### ACTIVITY
Restate all of the material, keeping every line identical to the original.

Segment Start: RECORDS FOR THE TASK

(* Let $f\in\mathcal{S}(\Omega)$. (1) $\{y^c: y\in V(N(f^c))\}\supseteq V(f)$. (2) If $f'_s(x)\in C_A$ for every $x\in\Omega\setminus\mathbb{R}$, then for every $x\in\Omega$ the sets $\mathbb{S}_x\cap V(f)$ and $\mathbb{S}_x\cap V(f^c)$ are both empty, both singletons, or both equal to $\mathbb{S}_x$. Moreover, \[V(N(f))\supseteq\bigcup_{x\in V(f)}\mathbb{S}_x=\bigcup_{x\in V(f^c)}\mathbb{S}_x\subseteq V(N(f^c)).\] If, additionally, $A$ is nonsingular, then \[\bigcup_{x\in V(f)}\mathbb{S}_x=\bigcup_{x\in V(f^c)}\mathbb{S}_x=\bigcup_{\mathbb{S}_x\subseteq V(N(f))\cap V(N(f^c))}\mathbb{S}_x,\] whence $\bigcup_{x\in V(f)}\mathbb{S}_x=\bigcup_{x\in V(f^c)}\mathbb{S}_x=V(N(f))=V(N(f^c))$ if $f$ is also tame. (3) Suppose that $f^\circ_s(x)\in C_A$ for every $x\in\Omega$ and $f'_s(x)\in C_A$ for every $x\in\Omega\setminus\mathbb{R}$. Then \[\bigcup_{\mathbb{S}_x\subseteq V(N(f))}\mathbb{S}_x=\bigcup_{x\in V(f)}\mathbb{S}_x=\bigcup_{x\in V(f^c)}\mathbb{S}_x=\bigcup_{\mathbb{S}_x\subseteq V(N(f^c))}\mathbb{S}_x,\] whence $V(N(f))=\bigcup_{x\in V(f)}\mathbb{S}_x=\bigcup_{x\in V(f^c)}\mathbb{S}_x=V(N(f^c))$ if $f$ is also tame, and $V(N(f))=V(f)=V(f^c)=V(N(f^c))$ if $f$ is slice preserving.
   Context: Let $A$ be a finite-dimensional real algebra with unit $1$ ($\mathbb{R}$ identified with $\mathbb{R}1$) which is alternative (the associator $(x,y,z)=(xy)z-x(yz)$ is alternating), with a $^*$-involution $x\mapsto x^c$ (real linear, $(x^c)^c=x$, $(xy)^c=y^cx^c$, $r^c=r$ for $r\in\mathbb{R}$). Let $t(x)=x+x^c$, $n(x)=xx^c$; $A$ is nonsingular if $n(x)=0$ implies $x=0$. The center of $A$ is the set of $r$ with $(r,a,b)=0$ and $ra=ar$ for all $a,b$; $C_A=\{0\}\cup\{a\in A: n(a),n(a^c)$ invertible elements of the center$\}$. Let $\mathbb{S}_A=\{J\in A:t(J)=0,n(J)=1\}$ (assumed non-empty), $Q_A=\mathbb{R}\cup\{x\in A:t(x),n(x)\in\mathbb{R},\ 4n(x)>t(x)^2\}$; every $x\in Q_A$ is $\alpha+\beta J$ with $\alpha,\beta\in\mathbb{R}$, $J\in\mathbb{S}_A$, $x^c=\alpha-\beta J$, $\mathrm{im}(x)=x-t(x)/2$, and $\mathbb{S}_x=\{\alpha+\beta I:I\in\mathbb{S}_A\}$. Let $D\subseteq\mathbb{C}$ be non-empty and invariant under complex conjugation and $\Omega=\{\alpha+\beta J:\alpha+i\beta\in D,\ J\in\mathbb{S}_A\}$. Let $A_{\mathbb{C}}=\{a+\imath b:a,b\in A\}$ with product $(a+\imath b)(a'+\imath b')=aa'-bb'+\imath(ab'+ba')$, conjugation $\overline{a+\imath b}=a-\imath b$, involution $(a+\imath b)^c=a^c+\imath b^c$. A stem function is $F=F_1+\imath F_2:D\to A_{\mathbb{C}}$ with $F(\bar z)=\overline{F(z)}$; it induces the slice function $f=\mathcal{I}(F)$, $f(\alpha+\beta J)=F_1(\alpha+i\beta)+JF_2(\alpha+i\beta)$. Slice product $f\cdot g=\mathcal{I}(FG)$, conjugate $f^c=\mathcal{I}(F^c)$, $F^c(z)=F(z)^c$, normal function $N(f)=f\cdot f^c$. $f$ is slice preserving if $F_1,F_2$ are real valued; tame if $N(f)$ is slice preserving and $N(f)=N(f^c)$. $V(h)=\{x:h(x)=0\}$. $f^\circ_s(x)=\frac12(f(x)+f(x^c))$, $f'_s(x)=\frac12\mathrm{im}(x)^{-1}(f(x)-f(x^c))$ for $x\in\Omega\setminus\mathbb{R}$. Unions of the form $\bigcup_{\mathbb{S}_x\subseteq E}\mathbb{S}_x$ range over $x\in\Omega$. *)

theory Defs
  imports "HOL-Analysis.Analysis"
begin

Segment End: RECORDS FOR THE TASK

### EXERCISE RESULT
(* Let $f\in\mathcal{S}(\Omega)$. (1) $\{y^c: y\in V(N(f^c))\}\supseteq V(f)$. (2) If $f'_s(x)\in C_A$ for every $x\in\Omega\setminus\mathbb{R}$, then for every $x\in\Omega$ the sets $\mathbb{S}_x\cap V(f)$ and $\mathbb{S}_x\cap V(f^c)$ are both empty, both singletons, or both equal to $\mathbb{S}_x$. Moreover, \[V(N(f))\supseteq\bigcup_{x\in V(f)}\mathbb{S}_x=\bigcup_{x\in V(f^c)}\mathbb{S}_x\subseteq V(N(f^c)).\] If, additionally, $A$ is nonsingular, then \[\bigcup_{x\in V(f)}\mathbb{S}_x=\bigcup_{x\in V(f^c)}\mathbb{S}_x=\bigcup_{\mathbb{S}_x\subseteq V(N(f))\cap V(N(f^c))}\mathbb{S}_x,\] whence $\bigcup_{x\in V(f)}\mathbb{S}_x=\bigcup_{x\in V(f^c)}\mathbb{S}_x=V(N(f))=V(N(f^c))$ if $f$ is also tame. (3) Suppose that $f^\circ_s(x)\in C_A$ for every $x\in\Omega$ and $f'_s(x)\in C_A$ for every $x\in\Omega\setminus\mathbb{R}$. Then \[\bigcup_{\mathbb{S}_x\subseteq V(N(f))}\mathbb{S}_x=\bigcup_{x\in V(f)}\mathbb{S}_x=\bigcup_{x\in V(f^c)}\mathbb{S}_x=\bigcup_{\mathbb{S}_x\subseteq V(N(f^c))}\mathbb{S}_x,\] whence $V(N(f))=\bigcup_{x\in V(f)}\mathbb{S}_x=\bigcup_{x\in V(f^c)}\mathbb{S}_x=V(N(f^c))$ if $f$ is also tame, and $V(N(f))=V(f)=V(f^c)=V(N(f^c))$ if $f$ is slice preserving.
   Context: Let $A$ be a finite-dimensional real algebra with unit $1$ ($\mathbb{R}$ identified with $\mathbb{R}1$) which is alternative (the associator $(x,y,z)=(xy)z-x(yz)$ is alternating), with a $^*$-involution $x\mapsto x^c$ (real linear, $(x^c)^c=x$, $(xy)^c=y^cx^c$, $r^c=r$ for $r\in\mathbb{R}$). Let $t(x)=x+x^c$, $n(x)=xx^c$; $A$ is nonsingular if $n(x)=0$ implies $x=0$. The center of $A$ is the set of $r$ with $(r,a,b)=0$ and $ra=ar$ for all $a,b$; $C_A=\{0\}\cup\{a\in A: n(a),n(a^c)$ invertible elements of the center$\}$. Let $\mathbb{S}_A=\{J\in A:t(J)=0,n(J)=1\}$ (assumed non-empty), $Q_A=\mathbb{R}\cup\{x\in A:t(x),n(x)\in\mathbb{R},\ 4n(x)>t(x)^2\}$; every $x\in Q_A$ is $\alpha+\beta J$ with $\alpha,\beta\in\mathbb{R}$, $J\in\mathbb{S}_A$, $x^c=\alpha-\beta J$, $\mathrm{im}(x)=x-t(x)/2$, and $\mathbb{S}_x=\{\alpha+\beta I:I\in\mathbb{S}_A\}$. Let $D\subseteq\mathbb{C}$ be non-empty and invariant under complex conjugation and $\Omega=\{\alpha+\beta J:\alpha+i\beta\in D,\ J\in\mathbb{S}_A\}$. Let $A_{\mathbb{C}}=\{a+\imath b:a,b\in A\}$ with product $(a+\imath b)(a'+\imath b')=aa'-bb'+\imath(ab'+ba')$, conjugation $\overline{a+\imath b}=a-\imath b$, involution $(a+\imath b)^c=a^c+\imath b^c$. A stem function is $F=F_1+\imath F_2:D\to A_{\mathbb{C}}$ with $F(\bar z)=\overline{F(z)}$; it induces the slice function $f=\mathcal{I}(F)$, $f(\alpha+\beta J)=F_1(\alpha+i\beta)+JF_2(\alpha+i\beta)$. Slice product $f\cdot g=\mathcal{I}(FG)$, conjugate $f^c=\mathcal{I}(F^c)$, $F^c(z)=F(z)^c$, normal function $N(f)=f\cdot f^c$. $f$ is slice preserving if $F_1,F_2$ are real valued; tame if $N(f)$ is slice preserving and $N(f)=N(f^c)$. $V(h)=\{x:h(x)=0\}$. $f^\circ_s(x)=\frac12(f(x)+f(x^c))$, $f'_s(x)=\frac12\mathrm{im}(x)^{-1}(f(x)-f(x^c))$ for $x\in\Omega\setminus\mathbb{R}$. Unions of the form $\bigcup_{\mathbb{S}_x\subseteq E}\mathbb{S}_x$ range over $x\in\Omega$. *)

theory Defs
  imports "HOL-Analysis.Analysis"
begin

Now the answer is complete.